Also schrieb der Mann die dritte und letzte Seltsamkeit für heute auf das Blatt Papier:
Dem Stoffschaf einen Namen geben und so tun, als wäre es lebendig.
Nach einer Zeit, die ihm wie eine Ewigkeit erschien, ging auch diese Runde aus Schlägen vorüber, und während er mit zitternden Händen das Blatt Papier von sich schob, verließen die Puppen mit leisen Schritten den Raum. Nur die Puppe mit dem Anzug blieb an der Tür stehen. Er warf einen Blick auf seine niedergeschriebenen Worte, ruhig und unbeteiligt, und schob den Holzstuhl zurück. Das Blatt Papier würde die erste Seite eines Buches bilden, auf dem sein Name stand, es würde irgendwo in den Untiefen des Ladens aufbewahrt werden, Seite an Seite mit identisch gebundenen Büchern, Regal über Regal in einem staubigen Raum, den nur die schweigsamen Puppen jemals betraten.

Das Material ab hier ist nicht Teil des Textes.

(* Let $V$ be countably infinite with a fixed bijection $\xi:V\to\mathbb N$. For every finite simple graph $H$ and every $G\in\mathscr{G}(V)$, the set $S(H,G)$ is a closed nonempty subset of $[0,1]$. For $H=K_2$ (a single edge), $S(K_2,G)$ is a closed subinterval $[a,b]$ of $[0,1]$ (possibly with $a=b$). Conversely, for every $0\le a\le b\le1$ there exists $G\in\mathscr{G}(V)$ with $S(K_2,G)=[a,b]$.
   Context: $K_V$ is the set of $2$-element subsets of $V$; $\mathscr{G}(V)$ is the set of simple graphs on $V$ identified with their edge sets. For $G\in\mathscr{G}(V)$ and $n\in\mathbb N$, $G_V[n]$ is the finite induced subgraph of $G$ on the vertices $\xi^{-1}(1),\dots,\xi^{-1}(n)$. For finite simple graphs $H$ and $F$, $\mathrm{ind}(H,F)$ is the number of injective maps $V(H)\to V(F)$ that are isomorphisms of $H$ onto the induced subgraph of $F$ on the image, and $t_{\mathrm{ind}}(H,F) := \mathrm{ind}(H,F)\,(|V(F)|-|V(H)|)!/|V(F)|!$ (taken to be $0$ if $|V(F)|<|V(H)|$). $S(H,G)$ is the set of subsequential limits (accumulation points) of the sequence $n\mapsto t_{\mathrm{ind}}(H,G_V[n])$. Note $t_{\mathrm{ind}}(K_2,F)$ equals the edge density $e(F):=|E(F)|/\binom{|V(F)|}{2}$. *)

theory Defs
  imports "HOL-Analysis.Analysis" "HOL-Library.FuncSet"
begin

definition two_subsets :: "'v set \<Rightarrow> 'v set set" where
  "two_subsets V = {e. e \<subseteq> V \<and> card e = 2}"

definition graphs_on :: "'v set \<Rightarrow> 'v set set set" where
  "graphs_on V = Pow (two_subsets V)"

definition finite_simple_graph :: "'a set \<Rightarrow> 'a set set \<Rightarrow> bool" where
  "finite_simple_graph VH EH \<longleftrightarrow> finite VH \<and> EH \<subseteq> two_subsets VH"

text \<open>ind(H,F): number of injective maps V(H) -> V(F) that are isomorphisms of H
  onto the induced subgraph of F on the image (maps taken extensionally on V(H)).\<close>
definition ind :: "'a set \<Rightarrow> 'a set set \<Rightarrow> 'b set \<Rightarrow> 'b set set \<Rightarrow> nat" where
  "ind VH EH VF EF = card {f \<in> VH \<rightarrow>\<^sub>E VF. inj_on f VH \<and>
      (\<forall>u\<in>VH. \<forall>v\<in>VH. u \<noteq> v \<longrightarrow> ({u, v} \<in> EH \<longleftrightarrow> {f u, f v} \<in> EF))}"

definition t_ind :: "'a set \<Rightarrow> 'a set set \<Rightarrow> 'b set \<Rightarrow> 'b set set \<Rightarrow> real" where
  "t_ind VH EH VF EF =
     (if card VF < card VH then 0
      else real (ind VH EH VF EF) * fact (card VF - card VH) / fact (card VF))"
lemma solvable_generate_in_three_involutions:
  assumes abc: "a \<in> carrier G" "b \<in> carrier G" "c \<in> carrier G"
    and invol: "a \<otimes> a = \<one>" "b \<otimes> b = \<one>" "c \<otimes> c = \<one>"
    and ord: "ord (a \<otimes> b) \<in> {1, 2, 3}" "ord (a \<otimes> c) \<in> {1, 2, 3}" "ord (b \<otimes> c) \<in> {1, 2, 3}"
    and S: "S \<subseteq> generate G {a, b, c}"
  shows "solvable (G\<lparr>carrier := generate G S\<rparr>)"
proof -
  have H: "subgroup (generate G {a, b, c}) G"
    using abc by (intro generate_is_subgroup) auto
  have S_closed: "S \<subseteq> carrier G"
    using S subgroup.subset[OF H] by blast
  have K: "subgroup (generate G S) G"
    by (rule generate_is_subgroup[OF S_closed])
  have "(derived G ^^ 3) (generate G S) \<subseteq> {\<one>}"
    using mono_exp_of_derived[OF generate_subgroup_incl[OF S H]]
      derived_series_three_involutions[OF abc invol ord] by blast
  then have "(derived G ^^ 3) (generate G S) = {\<one>}"
    using subgroup.one_closed[OF exp_of_derived_is_subgroup[OF K]] by blast
  then show ?thesis
    by (rule solvable_subgroup_if_derived_trivial[OF K])
qed

lemma commutator_involution:
  assumes "a \<in> carrier G" "d \<in> carrier G" "d \<otimes> d = \<one>"
  shows "commutator G a d = (a \<otimes> d \<otimes> inv a) \<otimes> d"
proof -
  have "inv d = d" using assms by (auto intro: inv_equality)
  then show ?thesis by (simp add: commutator_def)
qed

lemma three_transp_class_closed:
  "three_transp_class G D \<Longrightarrow> D \<subseteq> carrier G"
  unfolding three_transp_class_def by auto

lemma three_transp_class_conj:
  assumes D: "three_transp_class G D" and d: "d \<in> D" and g: "g \<in> carrier G"
  shows "g \<otimes> d \<otimes> inv g \<in> D"
proof -
  obtain d0 where d0: "d0 \<in> carrier G" and D_eq: "D = {h \<otimes> d0 \<otimes> inv h | h. h \<in> carrier G}"
    using D unfolding three_transp_class_def by blast
  obtain h where h: "h \<in> carrier G" "d = h \<otimes> d0 \<otimes> inv h"
    using d D_eq by blast
  have "g \<otimes> d \<otimes> inv g = (g \<otimes> h) \<otimes> d0 \<otimes> inv (g \<otimes> h)"
    using g h d0 by (simp add: m_assoc inv_mult_group)
  then show ?thesis
    using D_eq g h by auto
qed
(* Let $(X,\pi)$ be a finite symmetric two-player game with relative payoff game $(X,\Delta)$. If $\Delta$ is quasiconcave, then imitation is not subject to a money pump.
   Context: $\pi(x,y)$ is the payoff of the player choosing $x$ against $y$; $\Delta(x,y)=\pi(x,y)-\pi(y,x)$. $\Delta$ is quasiconcave (single-peaked) if there is a total order $\le$ on $X$ such that for each $y\in X$ the function $x\mapsto\Delta(x,y)$ is weakly increasing up to some $k_y\in X$ and weakly decreasing from $k_y$ on. Imitate-the-best: given initial $y_0\in X$ and any opponent sequence $(x_t)_{t\ge0}$, $y_t=x_{t-1}$ if $\Delta(x_{t-1},y_{t-1})>0$ and $y_t=y_{t-1}$ otherwise. Imitation is not subject to a money pump if there is $M\in\mathbb{R}_+$ such that for every $y_0\in X$ and every sequence $(x_t)$, $\limsup_{T\to\infty}\sum_{t=0}^T\Delta(x_t,y_t)\le M$. *)

theory Defs
  imports "HOL-Analysis.Analysis"
begin

definition rel_payoff :: "('a \<Rightarrow> 'a \<Rightarrow> real) \<Rightarrow> 'a \<Rightarrow> 'a \<Rightarrow> real" where
  "rel_payoff \<pi> x y = \<pi> x y - \<pi> y x"

definition total_order_on :: "'a set \<Rightarrow> ('a \<Rightarrow> 'a \<Rightarrow> bool) \<Rightarrow> bool" where
  "total_order_on X le \<longleftrightarrow>
     (\<forall>x\<in>X. le x x) \<and>
     (\<forall>x\<in>X. \<forall>y\<in>X. le x y \<and> le y x \<longrightarrow> x = y) \<and>
     (\<forall>x\<in>X. \<forall>y\<in>X. \<forall>z\<in>X. le x y \<and> le y z \<longrightarrow> le x z) \<and>
     (\<forall>x\<in>X. \<forall>y\<in>X. le x y \<or> le y x)"
(* Let $n\geq 2$, $m>0$, and let $\tau$ be a maximal simplex of $\Delta_m^{n,2}=\mathrm{VR}(\{0,\ldots,m\}^n;2)$. Writing $V=\{0,\ldots,m\}^n$, one of the following holds: (i) $\tau=N[x]\cap V$ for some $x\in\mathbb{Z}^n$; (ii) $\tau=\{x,x^{i_0},x^{j_0},x^{i_0,j_0}\}\cap V$ for some $x\in\mathbb{Z}^n$ and $i_0,j_0\in[n]^{\pm}$; (iii) $\tau=\{x,x^{i_0,j_0},x^{j_0,k_0},x^{i_0,k_0}\}\cap V$ for some $x\in\mathbb{Z}^n$ and $i_0,j_0,k_0\in[n]^{\pm}$.
   Context: $\mathbb{Z}^n$ carries the Manhattan metric $d(x,y)=\sum_{i=1}^n|x_i-y_i|$; $\mathrm{VR}(X;r)$ is the simplicial complex on $X$ whose simplices are finite subsets of diameter at most $r$. Write $[n]=\{1,\ldots,n\}$, $[-n]=\{-1,\ldots,-n\}$, $[n]^{\pm}=[n]\cup[-n]$. For $x\in\mathbb{Z}^n$ and $i_1,\ldots,i_k\in[n]^{\pm}$ with pairwise distinct absolute values, $x^{i_1,\ldots,i_k}$ is obtained from $x$ by adding $1$ to coordinate $j$ for each $j\in\{i_1,\ldots,i_k\}\cap[n]$ and subtracting $1$ from coordinate $j$ for each $j$ with $-j\in\{i_1,\ldots,i_k\}$. $N[x]=\{y\in\mathbb{Z}^n: d(x,y)\leq 1\}$. *)

theory Defs
  imports Main
begin

text \<open>Points of Z^n are represented as functions nat => int that vanish outside
coordinates 1..n.  Signed indices in [n]^{+-} are integers i with i ~= 0 and |i| <= n.\<close>

type_synonym pt = "nat \<Rightarrow> int"

definition lattice :: "nat \<Rightarrow> pt set" where
  "lattice n = {x. \<forall>i. i \<notin> {1..n} \<longrightarrow> x i = 0}"

definition grid :: "nat \<Rightarrow> nat \<Rightarrow> pt set" where
  "grid n m = {x \<in> lattice n. \<forall>i\<in>{1..n}. 0 \<le> x i \<and> x i \<le> int m}"

definition mdist :: "nat \<Rightarrow> pt \<Rightarrow> pt \<Rightarrow> int" where
  "mdist n x y = (\<Sum>i=1..n. \<bar>x i - y i\<bar>)"

definition vr_simplex :: "nat \<Rightarrow> pt set \<Rightarrow> int \<Rightarrow> pt set \<Rightarrow> bool" where
  "vr_simplex n X r \<sigma> \<longleftrightarrow> \<sigma> \<noteq> {} \<and> finite \<sigma> \<and> \<sigma> \<subseteq> X \<and>
     (\<forall>x\<in>\<sigma>. \<forall>y\<in>\<sigma>. mdist n x y \<le> r)"
text \<open>For \<open>t \<ge> 1\<close>: \<open>j\<close> parts equal to 1 in the first partition together with the unit
  vector \<open>d = (1,0,\<dots>,0)\<close> lie in \<open>S\<^sub>N\<close> for \<open>N = C\<^sub>1 j + A\<^sub>1\<close>.\<close>
lemma Sset_witness:
  assumes "1 \<le> t"
  shows "Sset t C A (C 0 * int j + A 0) \<noteq> {}"
proof -
  let ?mu = "\<lambda>i\<in>{..<t}. if i = 0 then replicate_mset j (1 :: nat) else {#}"
  let ?d = "\<lambda>i\<in>{..<t}. if i = 0 then (1 :: int) else 0"
  have zero: "0 \<in> {..<t}" using assms by simp
  have "(\<Sum>i<t. C i * int (psize (?mu i))) = (\<Sum>i<t. if i = 0 then C 0 * int j else 0)"
    unfolding psize_def by (rule sum.cong) auto
  moreover have "(\<Sum>i<t. C i * binom2 (?d i)) = 0"
    by (rule sum.neutral) (simp add: binom2_def)
  moreover have "(\<Sum>i<t. A i * ?d i) = (\<Sum>i<t. if i = 0 then A 0 else 0)" by (rule sum.cong) auto
  moreover have "(\<Sum>i<t. ?d i) = (\<Sum>i<t. if i = 0 then 1 else 0)" by (rule sum.cong) auto
  ultimately have "(?mu, ?d) \<in> Sset t C A (C 0 * int j + A 0)"
    using zero unfolding Sset_def partitions_def by auto
  then show ?thesis by blast
qed

text \<open>Above any \<open>k \<ge> 0\<close> there is an index of \<open>S\<close>: take \<open>k + 1\<close> parts equal to 1.\<close>
lemma Sset_nonempty_above:
  assumes "1 \<le> t" and "\<forall>i<t. 1 \<le> C i" and "\<forall>i<t. 0 \<le> A i \<and> 2 * A i \<le> C i" and "0 \<le> k"
  shows "\<exists>N>k. Sset t C A N \<noteq> {}"
proof -
  have "1 \<le> C 0" and "0 \<le> A 0" using assms(1-3) by auto
  moreover have "k + 1 \<le> C 0 * (k + 1)"
    using mult_right_mono[of 1 "C 0" "k + 1"] \<open>1 \<le> C 0\<close> assms(4) by simp
  ultimately have above: "k < C 0 * (k + 1) + A 0" by linarith
  have "int (nat k + 1) = k + 1" using assms(4) by simp
  then have "Sset t C A (C 0 * (k + 1) + A 0) \<noteq> {}"
    using Sset_witness[OF assms(1), of C A "nat k + 1"] by (simp add: add.commute)
  with above show ?thesis by blast
qed
(* For positive integers $m,n$, the series $$S_{m,n}=\sum_{\substack{i\ge1\\ m\mid i}}\ \sum_{\substack{j\ge1\\ mn\mid ij}}\frac{\mu(j)}{i^2j\,\varphi(ij)}$$ converges and equals $$S_{m,n}=\frac{S}{m^3n^3}\prod_{p\mid n}\frac{-p^4}{p^3-p-1}\prod_{\substack{p\mid m\\ p\nmid n}}\frac{p^3+p^2}{p^3-p-1},$$ where $S=\prod_{p\text{ prime}}\bigl(1-\frac{p}{p^3-1}\bigr)$ and products are over primes $p$.
   Context: $\mu$ is the Möbius function and $\varphi$ Euler's totient function. *)

theory Defs
  imports "HOL-Analysis.Analysis" "HOL-Number_Theory.Number_Theory" "HOL-Computational_Algebra.Squarefree"
begin

text \<open>Moebius function: mu(n) = (-1)^(number of prime factors) if n >= 1 is squarefree, else 0
  (and mu(0) = 0 by convention; 0 never occurs in the sums below).\<close>
definition moebius_mu :: "nat \<Rightarrow> real" where
  "moebius_mu n = (if n > 0 \<and> squarefree n then (-1) ^ card (prime_factors n) else 0)"

definition S_const :: real where
  "S_const = (\<Prod>k. if prime k then 1 - real k / (real k ^ 3 - 1) else 1)"

end

theory Submission
  imports Defs
begin
lemma reach_isolate_into: "reach (isolate G Y) j a y \<Longrightarrow> y \<in> Y \<Longrightarrow> y = a"
  by (induction j arbitrary: y) auto

lemma degree_isolate_le:
  assumes "wf_cgraph G" shows "degree (isolate G Y) z \<le> (if z \<in> Y then 0 else degree G z)"
proof -
  have "finite (nbrs G z)" using finite_verts[OF assms] by (simp add: nbrs_def)
  moreover have "nbrs (isolate G Y) z \<subseteq> nbrs G z" by (auto simp: nbrs_def)
  ultimately show ?thesis by (auto simp: degree_def nbrs_def card_mono)
qed

lemma card_ball_isolate_le:
  assumes wf: "wf_cgraph G" and deg: "\<forall>z\<in>ball G t v. z \<notin> Y \<longrightarrow> degree G z \<le> d"
    and x: "reach G s v x" and "s + j \<le> t"
  shows "card (ball (isolate G Y) j x) \<le> (d + 1) ^ j"
proof (rule card_ball_le_pow[OF wf_isolate[OF wf]], intro ballI)
  fix z assume "z \<in> ball (isolate G Y) j x"
  then have z: "reach (isolate G Y) j x z" "z \<in> verts G" unfolding ball_def by auto
  have "reach G (s + j) v z" using reach_add[OF x reach_isolate_imp_reach[OF z(1)]] .
  then have "z \<in> ball G t v"
    using reach_mono[of G "s + j" v z t] \<open>s + j \<le> t\<close> z(2) by (simp add: ball_def)
  then show "degree (isolate G Y) z \<le> d"
    using degree_isolate_le[OF wf, of Y z] deg by (auto split: if_splits)
qed
(* A \textsc{2-Visits} instance $d_1\le\dots\le d_n$ in which at most two distinct numbers occur can be solved (i.e., it can be decided whether a feasible schedule exists) in $O(n)$ time.
   Context: \textsc{2-Visits}: given a non-decreasing sequence of $n$ positive integers (deadlines) $d_1\le \dots\le d_n$, decide whether there exists a schedule of length $2n$ (an assignment of one visit to each position $1,\dots,2n$) containing exactly two visits of each node $i\in[n]$, such that the first visit of $i$ is at position at most $d_i$ and the second visit of $i$ is at most $d_i$ positions after the first visit of $i$. *)

theory Defs
  imports Main
begin

definition two_visits_feasible :: "nat list \<Rightarrow> bool" where
  "two_visits_feasible ds \<longleftrightarrow>
     (\<exists>s :: nat \<Rightarrow> nat.
        (\<forall>p \<in> {1..2 * length ds}. s p < length ds) \<and>
        (\<forall>i < length ds. \<exists>p q. 1 \<le> p \<and> p < q \<and> q \<le> 2 * length ds \<and>
            {r \<in> {1..2 * length ds}. s r = i} = {p, q} \<and>
            p \<le> ds ! i \<and> q - p \<le> ds ! i))"

text \<open>Register 0 initially holds the input length n, all other registers 0.
  Each executed instruction costs one time step.\<close>

datatype instr =
    Const nat nat
  | Add nat nat nat
  | Sub nat nat nat
  | Read nat nat
  | JmpLess nat nat nat
  | Jmp nat
  | Accept
  | Reject

datatype config = Running nat "nat \<Rightarrow> nat" | Halted bool

fun exec_instr :: "nat list \<Rightarrow> instr \<Rightarrow> nat \<Rightarrow> (nat \<Rightarrow> nat) \<Rightarrow> config" where
  "exec_instr ds (Const r c) pc R = Running (Suc pc) (R(r := c))"
| "exec_instr ds (Add r a b) pc R = Running (Suc pc) (R(r := R a + R b))"
| "exec_instr ds (Sub r a b) pc R = Running (Suc pc) (R(r := R a - R b))"
| "exec_instr ds (Read r i) pc R =
     Running (Suc pc) (R(r := (if R i < length ds then ds ! (R i) else 0)))"
| "exec_instr ds (JmpLess a b l) pc R = Running (if R a < R b then l else Suc pc) R"
| "exec_instr ds (Jmp l) pc R = Running l R"
| "exec_instr ds Accept pc R = Halted True"
| "exec_instr ds Reject pc R = Halted False"

definition step :: "instr list \<Rightarrow> nat list \<Rightarrow> config \<Rightarrow> config" where
  "step P ds c = (case c of
      Halted b \<Rightarrow> Halted b
    | Running pc R \<Rightarrow> (if pc < length P then exec_instr ds (P ! pc) pc R else Halted False))"

definition run :: "instr list \<Rightarrow> nat list \<Rightarrow> nat \<Rightarrow> config" where
  "run P ds t = (step P ds ^^ t) (Running 0 (\<lambda>r. if r = 0 then length ds else 0))"

end

(*
  In a sorted instance with two deadlines, the first k nodes have deadline a and the
  other N - k nodes deadline b > a, and feasibility is an arithmetic condition on
  N, k, a, b.  When it holds, either two rounds suffice (each node visited twice in a
  row), or the first e = b - N nodes fill positions 1..2e, the remaining nodes of
  deadline a take their first visits at the first 2e positions of each period of
  length b - a (after the first period), and all second visits after position b are
  ranked earliest deadline first; Hall's condition then amounts to counting these
  periodic positions in windows.  Conversely, in any schedule the deadline-a nodes
  still unfinished at time b have no first visit in (0, b - a] and at most 2e in any
  window of length b - a, because the second visits of all nodes first visited by
  time T that finish after b fit into (b, b + T].  This forces the last of them beyond
  the periodic position.  A register machine scans the input once to find k and
  evaluates the condition, computing the periodic position by repeated addition; it
  halts within O(N) steps.
*)

theory Submission
  imports Defs
begin
lemma trig_inner_fourier_residual:
  assumes a: "a = 1/2 \<or> a = -1/2" and u: "continuous_on {0..pi} u"
  shows "trig_inner a (\<lambda>t. u t - fourier_partial a u n t) (\<lambda>t. \<Sum>m<n. c m * jacobi_cos a m t) = 0"
proof -
  have w: "continuous_on {0..pi} (\<lambda>t. u t - fourier_partial a u n t)"
    by (intro continuous_intros u)
  have "trig_inner a (\<lambda>t. u t - fourier_partial a u n t) (\<lambda>t. \<Sum>m<n. c m * jacobi_cos a m t) =
        (\<Sum>m<n. c m * trig_inner a (jacobi_cos a m) (\<lambda>t. u t - fourier_partial a u n t))"
    by (subst trig_inner_commute) (rule trig_inner_sum_left; auto intro: continuous_intros w)
  also have "\<dots> = 0"
  proof (rule sum.neutral, rule ballI)
    fix m assume "m \<in> {..<n}"
    then have "trig_inner a (\<lambda>t. u t - fourier_partial a u n t) (jacobi_cos a m) = 0"
      by (simp add: trig_inner_diff_left u continuous_intros trig_inner_fourier_partial_jacobi_cos[OF a])
    then show "c m * trig_inner a (jacobi_cos a m) (\<lambda>t. u t - fourier_partial a u n t) = 0"
      by (simp add: trig_inner_commute)
  qed
  finally show ?thesis .
qed

lemma trig_inner_fourier_residual_self:
  assumes a: "a = 1/2 \<or> a = -1/2" and u: "continuous_on {0..pi} u"
  shows "trig_inner a (\<lambda>t. u t - fourier_partial a u n t) (\<lambda>t. u t - fourier_partial a u n t) =
         trig_inner a u u - (\<Sum>m<n. fourier_coeff a u m * trig_inner a u (jacobi_cos a m))"
proof -
  let ?w = "\<lambda>t. u t - fourier_partial a u n t"
  let ?S = "fourier_partial a u n"
  have S: "continuous_on {0..pi} ?S" and w: "continuous_on {0..pi} ?w"
    by (intro continuous_intros u)+
  have "trig_inner a ?S ?w = 0"
    using trig_inner_fourier_residual[OF a u, of n "fourier_coeff a u"]
    by (simp add: trig_inner_commute fourier_partial_def)
  then have "trig_inner a ?w ?w = trig_inner a ?w u"
    by (simp add: trig_inner_diff_left[OF u S w] trig_inner_commute)
  also have "\<dots> = trig_inner a u u - trig_inner a ?S u"
    by (rule trig_inner_diff_left[OF u S u])
  also have "trig_inner a ?S u = (\<Sum>m<n. fourier_coeff a u m * trig_inner a u (jacobi_cos a m))"
    unfolding fourier_partial_def
    by (subst trig_inner_sum_left) (auto intro: continuous_intros u simp: trig_inner_commute)
  finally show ?thesis .
qed
lemma num_paths_between_leaves:
  assumes N: "phylo_net n N" and "i \<in> {1..n}" "j \<in> {1..n}"
  shows "num_paths N (leaf N j) (leaf N i) = leaf_count (nlabel_fuel n N k (leaf N j)) i"
proof -
  have "children N (leaf N j) = {}"
    using assms(3) phylo_net_leaf_image[OF N] by blast
  moreover have "leaf N j = leaf N i \<longleftrightarrow> j = i"
    using phylo_net_inj_leaf[OF N] assms(2,3) by (auto dest: inj_onD)
  ultimately show ?thesis
    by (simp add: num_paths_from_sink nlabel_fuel_leaf[OF phylo_net_inj_leaf[OF N] assms(3)])
qed

lemma num_paths_to_leaf_eq_leaf_count:
  assumes N: "phylo_net n N" and i: "i \<in> {1..n}"
  shows "v \<in> nodes N \<Longrightarrow> \<forall>p. is_dpath N p \<and> hd p = v \<longrightarrow> length p \<le> Suc k
    \<Longrightarrow> num_paths N v (leaf N i) = leaf_count (nlabel_fuel n N k v) i"
proof (induction k arbitrary: v)
  case 0
  show ?case
  proof (cases "\<exists>j\<in>{1..n}. leaf N j = v")
    case False
    then obtain c where "c \<in> children N v"
      using phylo_net_children_nonempty[OF N 0(1)] by blast
    then have "is_dpath N [v, c]"
      by (simp add: is_dpath_Cons children_def)
    with 0 show ?thesis by fastforce
  qed (use num_paths_between_leaves[OF N i] in blast)
next
  case (Suc k)
  show ?case
  proof (cases "\<exists>j\<in>{1..n}. leaf N j = v")
    case False
    have IH: "num_paths N c (leaf N i) = leaf_count (nlabel_fuel n N k c) i"
      if c: "c \<in> children N v" for c
    proof (rule Suc.IH)
      show "c \<in> nodes N"
        using c N unfolding phylo_net_def children_def by auto
      show "\<forall>p. is_dpath N p \<and> hd p = c \<longrightarrow> length p \<le> Suc k"
        using Suc.prems(2) is_dpath_Cons_child[OF c] by fastforce
    qed
    have "num_paths N v (leaf N i) = (\<Sum>c\<in>children N v. num_paths N c (leaf N i))"
      using False i Suc.prems(1) phylo_net_finite_dag[OF N]
      by (intro num_paths_eq_sum_children) auto
    also have "\<dots> = (\<Sum>c\<in>children N v. leaf_count (nlabel_fuel n N k c) i)"
      using IH by simp
    also have "\<dots> = leaf_count (nlabel_fuel n N (Suc k) v) i"
      using False by (simp add: sum_unfold_sum_mset multiset.map_comp o_def)
    finally show ?thesis .
  qed (use num_paths_between_leaves[OF N i] in blast)
qed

Der Mann verließ den Raum mit weichen Knien und lauschte in sein Innerstes, während er langsam der Puppe durch den kleinen Flur folgte, die den Stock in eine große Vase steckte und durch die Tür zum Hauptraum trat. Vermochte er einen Unterschied festzustellen? Er fühlte sich ruhig, als hätte er lange geweint und wäre nun in ein Stadium der Leere eingetreten, die eine leichte Erschöpfung mit sich brachte. Die Schmerzen pulsierten dumpf durch seinen Körper und wurden von einer matten Betäubung begleitet.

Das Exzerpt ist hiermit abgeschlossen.